8.25. Теперь, пожалуй, мы можем попытаться ответить на вопросы, которые в явном виде еще не были поставлены, но которые сопровождали нас на протяжении всего нашего исследования археологии славы: почему власть нуждается в бездеятельности и славе? Что в них такого особого, что власть должна любой ценой вписывать их в пустующий центр своего диспозитива управления? Чем поддерживается власть? И еще: возможно ли мыслить бездеятельность за пределами диспозитива славы?
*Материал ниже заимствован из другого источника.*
(* Let $\mathcal{C}$ be a robust graph class (not necessarily hereditary) for which $\beta_{\mathcal{C}}$ is finite. For every integer $d\ge1$, $$\beta_{\mathcal{C}}(d)\ge\begin{cases}2^{d-1}+1 & \text{if } \beta_{\mathcal{C}}=1,\\ (\beta_{\mathcal{C}}-1)\,2^{d}+1 & \text{if } \beta_{\mathcal{C}}\ge 2.\end{cases}$$
   Context: $\mathrm{OPT}(G)$ is the minimum vertex cover size. $Y\subseteq V(G)$ is a blocking set of $G$ if no vertex cover of $G$ of size $\mathrm{OPT}(G)$ contains $Y$; minimal if no proper subset is a blocking set. $\beta(G)$ is the maximum size of a minimal blocking set of $G$; $\beta_{\mathcal{C}}=\sup_{G\in\mathcal{C}}\beta(G)$. Elimination distance: $\mathrm{ed}_{\mathcal{C}}(G)=0$ if $G\in\mathcal{C}$; otherwise if $G$ is connected, $\mathrm{ed}_{\mathcal{C}}(G)=1+\min_{v}\mathrm{ed}_{\mathcal{C}}(G-v)$; otherwise the maximum over connected components. $\beta_{\mathcal{C}}(d)=\max\{\beta(G):\mathrm{ed}_{\mathcal{C}}(G)\le d\}$. A class is robust if a graph is in it iff all its connected components are. *)

theory Defs
  imports Main "HOL-Library.Extended_Nat"
begin

type_synonym graph = "nat set \<times> nat set set"

definition wf_graph :: "graph \<Rightarrow> bool" where
  "wf_graph G \<longleftrightarrow> finite (fst G) \<and>
     (\<forall>e\<in>snd G. \<exists>u v. e = {u, v} \<and> u \<noteq> v \<and> u \<in> fst G \<and> v \<in> fst G)"

definition vertex_cover :: "graph \<Rightarrow> nat set \<Rightarrow> bool" where
  "vertex_cover G S \<longleftrightarrow> S \<subseteq> fst G \<and> (\<forall>e\<in>snd G. e \<inter> S \<noteq> {})"

definition OPT :: "graph \<Rightarrow> nat" where
  "OPT G = (LEAST k. \<exists>S. vertex_cover G S \<and> card S = k)"

definition blocking_set :: "graph \<Rightarrow> nat set \<Rightarrow> bool" where
  "blocking_set G Y \<longleftrightarrow> Y \<subseteq> fst G \<and>
     \<not> (\<exists>S. vertex_cover G S \<and> card S = OPT G \<and> Y \<subseteq> S)"

definition minimal_blocking_set :: "graph \<Rightarrow> nat set \<Rightarrow> bool" where
  "minimal_blocking_set G Y \<longleftrightarrow> blocking_set G Y \<and> (\<forall>Z. Z \<subset> Y \<longrightarrow> \<not> blocking_set G Z)"

text \<open>Maximum size of a minimal blocking set (0 if there is none, i.e. for the empty graph).\<close>
definition beta :: "graph \<Rightarrow> nat" where
  "beta G = Sup {card Y | Y. minimal_blocking_set G Y}"

definition betaC :: "graph set \<Rightarrow> enat" where
  "betaC C = Sup {enat (beta G) | G. wf_graph G \<and> G \<in> C}"

definition edge_rel :: "graph \<Rightarrow> (nat \<times> nat) set" where
  "edge_rel G = {(u, v). {u, v} \<in> snd G}"

definition connected_graph :: "graph \<Rightarrow> bool" where
  "connected_graph G \<longleftrightarrow> (\<forall>u\<in>fst G. \<forall>v\<in>fst G. (u, v) \<in> (edge_rel G)\<^sup>*)"

definition induced :: "graph \<Rightarrow> nat set \<Rightarrow> graph" where
  "induced G W = (W, {e\<in>snd G. e \<subseteq> W})"

definition components :: "graph \<Rightarrow> graph set" where
  "components G = {induced G {v\<in>fst G. (u, v) \<in> (edge_rel G)\<^sup>*} | u. u \<in> fst G}"

definition delete_vertex :: "graph \<Rightarrow> nat \<Rightarrow> graph" where
  "delete_vertex G v = induced G (fst G - {v})"

definition isomorphic :: "graph \<Rightarrow> graph \<Rightarrow> bool" where
  "isomorphic G H \<longleftrightarrow> (\<exists>f. bij_betw f (fst G) (fst H) \<and> snd H = (\<lambda>e. f ` e) ` snd G)"

definition graph_class :: "graph set \<Rightarrow> bool" where
  "graph_class C \<longleftrightarrow> (\<forall>G H. wf_graph G \<and> isomorphic G H \<longrightarrow> (G \<in> C \<longleftrightarrow> H \<in> C))"

definition robust :: "graph set \<Rightarrow> bool" where
  "robust C \<longleftrightarrow> (\<forall>G. wf_graph G \<longrightarrow> (G \<in> C \<longleftrightarrow> (\<forall>H\<in>components G. H \<in> C)))"

text \<open>ed_le C G k: the recursive definition of elimination distance, read as "ed_C(G) \<le> k".\<close>
inductive ed_le :: "graph set \<Rightarrow> graph \<Rightarrow> nat \<Rightarrow> bool" for C where
  in_class: "G \<in> C \<Longrightarrow> ed_le C G k"
| conn: "G \<notin> C \<Longrightarrow> connected_graph G \<Longrightarrow> v \<in> fst G \<Longrightarrow> ed_le C (delete_vertex G v) k
          \<Longrightarrow> ed_le C G (Suc k)"
| disc: "G \<notin> C \<Longrightarrow> \<not> connected_graph G \<Longrightarrow> (\<forall>H\<in>components G. ed_le C H k) \<Longrightarrow> ed_le C G k"

definition ed :: "graph set \<Rightarrow> graph \<Rightarrow> enat" where
  "ed C G = Inf (enat ` {k. ed_le C G k})"

definition betaCd :: "graph set \<Rightarrow> nat \<Rightarrow> enat" where
  "betaCd C d = Sup {enat (beta G) | G. wf_graph G \<and> ed C G \<le> enat d}"

end

theory Submission
  imports Defs
begin

text \<open>
  By robustness, the component of a graph in \<open>\<C>\<close> that meets a minimal blocking set of size
  \<open>\<beta>\<^sub>\<C>\<close> again lies in \<open>\<C>\<close> and carries that blocking set.  Two constructions then trade one unit of elimination distance for a
  larger minimal blocking set.  Doubling: take two disjoint copies of a connected graph with
  minimal blocking set \<open>Y\<close>, fix \<open>y \<in> Y\<close>, and add a vertex adjacent to \<open>y\<close> in the first copy
  and to all of \<open>Y\<close> in the second; then \<open>(Y\<^sub>1 - {y}) \<union> Y\<^sub>2\<close> is a minimal blocking set of size
  \<open>2|Y| - 1\<close>, and deleting the new vertex leaves the two copies as the components.  Pendant: if
  \<open>{a}\<close> is a minimal blocking set, attaching a leaf \<open>w\<close> at \<open>a\<close> makes \<open>{w, a}\<close> one.  Iterating
  the doubling \<open>d\<close> times (after one pendant step when \<open>\<beta>\<^sub>\<C> = 1\<close>) gives the bound.  Since
  \<open>\<C>\<close> is closed under isomorphism, elimination distance survives the relabelling that makes
  the copies disjoint.
\<close>

section \<open>Vertex covers and blocking sets\<close>

abbreviation optimal_cover :: "graph \<Rightarrow> nat set \<Rightarrow> bool" where
  "optimal_cover G S \<equiv> vertex_cover G S \<and> card S = OPT G"

lemma wf_graph_edgeE:
  assumes "wf_graph G" "e \<in> snd G"
  obtains u v where "e = {u, v}" "u \<noteq> v" "u \<in> fst G" "v \<in> fst G"
  using assms unfolding wf_graph_def by blast

lemma wf_graph_edge_subset: "wf_graph G \<Longrightarrow> e \<in> snd G \<Longrightarrow> e \<subseteq> fst G"
  by (metis wf_graph_edgeE empty_subsetI insert_subset)

lemma wf_graph_edge_nonempty: "wf_graph G \<Longrightarrow> e \<in> snd G \<Longrightarrow> e \<noteq> {}"
  by (metis wf_graph_edgeE insert_not_empty)

lemma finite_vertex_cover: "wf_graph G \<Longrightarrow> vertex_cover G S \<Longrightarrow> finite S"
  unfolding wf_graph_def vertex_cover_def by (blast intro: finite_subset)

lemma vertex_cover_subset: "vertex_cover G S \<Longrightarrow> S \<subseteq> fst G"
  unfolding vertex_cover_def by simp

lemma vertex_cover_insert:
  "vertex_cover G S \<Longrightarrow> v \<in> fst G \<Longrightarrow> vertex_cover G (insert v S)"
  unfolding vertex_cover_def by blast

lemma OPT_le: "vertex_cover G S \<Longrightarrow> OPT G \<le> card S"
  unfolding OPT_def by (rule Least_le) blast

lemma optimal_cover_exists:
  assumes "wf_graph G" obtains S where "optimal_cover G S"
proof -
  have "vertex_cover G (fst G)"
    using wf_graph_edge_subset[OF assms] wf_graph_edge_nonempty[OF assms]
    unfolding vertex_cover_def by blast
  hence "\<exists>S. optimal_cover G S"
    unfolding OPT_def by (intro LeastI_ex[where P = "\<lambda>k. \<exists>S. vertex_cover G S \<and> card S = k"]) blast
  thus thesis using that by blast
qed

lemma OPT_eqI:
  "(\<And>S. vertex_cover G S \<Longrightarrow> n \<le> card S) \<Longrightarrow> vertex_cover G S\<^sub>0 \<Longrightarrow> card S\<^sub>0 = n \<Longrightarrow> OPT G = n"
  unfolding OPT_def by (rule Least_equality) auto

lemma blocking_set_subset: "blocking_set G Y \<Longrightarrow> Y \<subseteq> fst G"
  unfolding blocking_set_def by simp

lemma blocking_set_card:
  "blocking_set G Y \<Longrightarrow> vertex_cover G S \<Longrightarrow> Y \<subseteq> S \<Longrightarrow> OPT G + 1 \<le> card S"
  using OPT_le[of G S] unfolding blocking_set_def by force

lemma blocking_setI:
  "Y \<subseteq> fst G \<Longrightarrow> (\<And>S. optimal_cover G S \<Longrightarrow> Y \<subseteq> S \<Longrightarrow> False) \<Longrightarrow> blocking_set G Y"
  unfolding blocking_set_def by blast

lemma blocking_set_mono:
  "blocking_set G Y \<Longrightarrow> Y \<subseteq> Z \<Longrightarrow> Z \<subseteq> fst G \<Longrightarrow> blocking_set G Z"
  unfolding blocking_set_def by blast

lemma minimal_blocking_set_blocking: "minimal_blocking_set G Y \<Longrightarrow> blocking_set G Y"
  unfolding minimal_blocking_set_def by simp

lemma minimal_blocking_set_subset: "minimal_blocking_set G Y \<Longrightarrow> Y \<subseteq> fst G"
  unfolding minimal_blocking_set_def blocking_set_def by simp

lemma minimal_blocking_set_remove:
  assumes "minimal_blocking_set G Y" "x \<in> Y"
  obtains S where "optimal_cover G S" "Y - {x} \<subseteq> S"
proof -
  have "\<not> blocking_set G (Y - {x})" "Y - {x} \<subseteq> fst G"
    using assms unfolding minimal_blocking_set_def blocking_set_def by blast+
  thus thesis using that unfolding blocking_set_def by blast
qed

lemma minimal_blocking_setI:
  assumes "blocking_set G Y" "\<And>x. x \<in> Y \<Longrightarrow> \<exists>S. optimal_cover G S \<and> Y - {x} \<subseteq> S"
  shows "minimal_blocking_set G Y"
  unfolding minimal_blocking_set_def
proof (intro conjI allI impI)
  fix Z assume "Z \<subset> Y"
  then obtain x where "x \<in> Y" "Z \<subseteq> Y - {x}" by blast
  with assms(2) show "\<not> blocking_set G Z" unfolding blocking_set_def by blast
qed (fact assms(1))

lemma minimal_blocking_set_cong:
  assumes "\<And>Z. Z \<subseteq> Y \<Longrightarrow> blocking_set G Z \<longleftrightarrow> blocking_set H Z"
  shows "minimal_blocking_set G Y \<longleftrightarrow> minimal_blocking_set H Y"
  using assms unfolding minimal_blocking_set_def by (meson order.strict_implies_order order_refl)

lemma finite_minimal_blocking_set_cards:
  "wf_graph G \<Longrightarrow> finite {card Y | Y. minimal_blocking_set G Y}"
  by (rule finite_subset[where B = "card ` Pow (fst G)"])
     (auto simp: wf_graph_def dest: minimal_blocking_set_subset)

lemma card_le_beta: "wf_graph G \<Longrightarrow> minimal_blocking_set G Y \<Longrightarrow> card Y \<le> beta G"
  unfolding beta_def by (rule le_cSup_finite[OF finite_minimal_blocking_set_cards]) auto

lemma beta_attained:
  assumes "wf_graph G" "beta G \<noteq> 0"
  obtains Y where "minimal_blocking_set G Y" "card Y = beta G"
proof -
  let ?X = "{card Y | Y. minimal_blocking_set G Y}"
  have fin: "finite ?X" by (rule finite_minimal_blocking_set_cards[OF assms(1)])
  have "?X \<noteq> {}" using assms(2) unfolding beta_def by (metis Sup_nat_empty)
  hence "Sup ?X \<in> ?X" using Max_in[OF fin] cSup_eq_Max[OF fin] by simp
  then obtain Y where "minimal_blocking_set G Y" "card Y = Sup ?X" by auto
  thus thesis using that unfolding beta_def by simp
qed

section \<open>Induced subgraphs and relabelling\<close>

lemma wf_graph_induced: "wf_graph G \<Longrightarrow> W \<subseteq> fst G \<Longrightarrow> wf_graph (induced G W)"
  unfolding wf_graph_def induced_def by (simp add: finite_subset) (metis insert_subset)

definition component :: "graph \<Rightarrow> nat \<Rightarrow> graph" where
  "component G u = induced G {v \<in> fst G. (u, v) \<in> (edge_rel G)\<^sup>*}"

lemma fst_component_subset: "fst (component G u) \<subseteq> fst G"
  unfolding component_def induced_def by auto

lemma wf_graph_component: "wf_graph G \<Longrightarrow> wf_graph (component G u)"
  unfolding component_def by (rule wf_graph_induced) auto

lemma components_eq_image: "components G = component G ` fst G"
  unfolding components_def component_def by blast

definition relabel :: "(nat \<Rightarrow> nat) \<Rightarrow> graph \<Rightarrow> graph" where
  "relabel f G = (f ` fst G, (`) f ` snd G)"

lemma relabel_simps [simp]:
  "fst (relabel f G) = f ` fst G" "snd (relabel f G) = (`) f ` snd G"
  unfolding relabel_def by simp_all

lemma wf_graph_relabel:
  assumes "wf_graph G" "inj_on f (fst G)" shows "wf_graph (relabel f G)"
  unfolding wf_graph_def
proof (intro conjI ballI)
  show "finite (fst (relabel f G))" using assms(1) unfolding wf_graph_def by simp
  fix e' assume "e' \<in> snd (relabel f G)"
  then obtain e where "e \<in> snd G" "e' = f ` e" by auto
  then obtain u v where "e' = {f u, f v}" "u \<noteq> v" "u \<in> fst G" "v \<in> fst G"
    using wf_graph_edgeE[OF assms(1)] by (metis image_empty image_insert)
  with assms(2) show "\<exists>u v. e' = {u, v} \<and> u \<noteq> v \<and> u \<in> fst (relabel f G) \<and> v \<in> fst (relabel f G)"
    by (metis inj_on_contraD image_eqI relabel_simps(1))
qed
Если мы, придерживаясь эпистемологической стратегии, которая направляла наше исследование, переформулируем первые три вопроса в перспективе теологии – то и иудейская традиция, и Новый Завет дают на него однозначный и единодушный ответ: chayye 'olam, zōē aiōnios
, жизнь вечная. Эти синтагмы прежде всего обозначают то, что ждет праведников в качестве награды в грядущей вечности. Употребленное в этом значении выражение zōē aiōnios впервые встречается в Септуагинте как перевод chayye 'olam в Дан. 12:2, где сказано: «…многие из спящих в прахе земли пробудятся, одни для жизни вечной, другие на вечное поругание и посрамление». «Вечное», как явствует и из еврейского 'olam, означающего божественный мир и эсхатологическую реальность, и из греческого aiōn («aiōn, – пишет Иоанн Дамаскин, – был сотворен раньше небесной тверди и прежде времени»), имеет здесь не только временнóе значение: оно указывает на особое качество жизни, а точнее – на то преобразование, которое человеческая жизнь претерпит в грядущем мире. Поэтому иудео-эллинистическая традиция определяет его как «истинную жизнь» (alēthinē zōē: Phil. Leg. 1, 32) или как «жизнь нетленную» (aphthartos zōē: Phil. Gig. 15; Fug. 59), а также как «жизнь беспечную» (zōē amerimnos). В раввинской традиции эта грядущая жизнь описывается в терминах противопоставления жизни нынешней и вместе с тем как нечто, связанное с последней исключительной непрерывностью; иными словами, она предстает как упразднение биологических функций и низких инстинктов: «В грядущем мире не будет ни еды, ни питья; не будет ни размножения, ни воспроизведения. Не будет хлопот, торга, ссор, зависти и вражды; праведники будут восседать на тронах с короной на голове и блаженствовать в сиянии shekinah» (Talmud, b Ber., 17a).Прообразом короны, которую будут носить праведники, является венец, возлагавшийся на голову победоносного императора или атлета в качестве символа победы и выражающий причастность к славе в жизни вечной. Это символ того же порядка, что и «венец славы» (stephanos tēs doxēs
) или «венец жизни» (stephanos tēs zōēs), который в Новом Завете становится вспомогательным термином для обозначения славы блаженных: «Будь верен до смерти, и дам тебе венец жизни» (Откр. 2:10); «Вы получите неувядающий венец славы» (1 Пет. 5:4); «Он получит венец жизни» (Иак. 1:12).Павел неоднократно использует этот символ для описания эсхатологической ситуации праведников, сравнивая их с атлетами, бегущими на ристалище («Те получат венец тленный, мы – нетленный»[264]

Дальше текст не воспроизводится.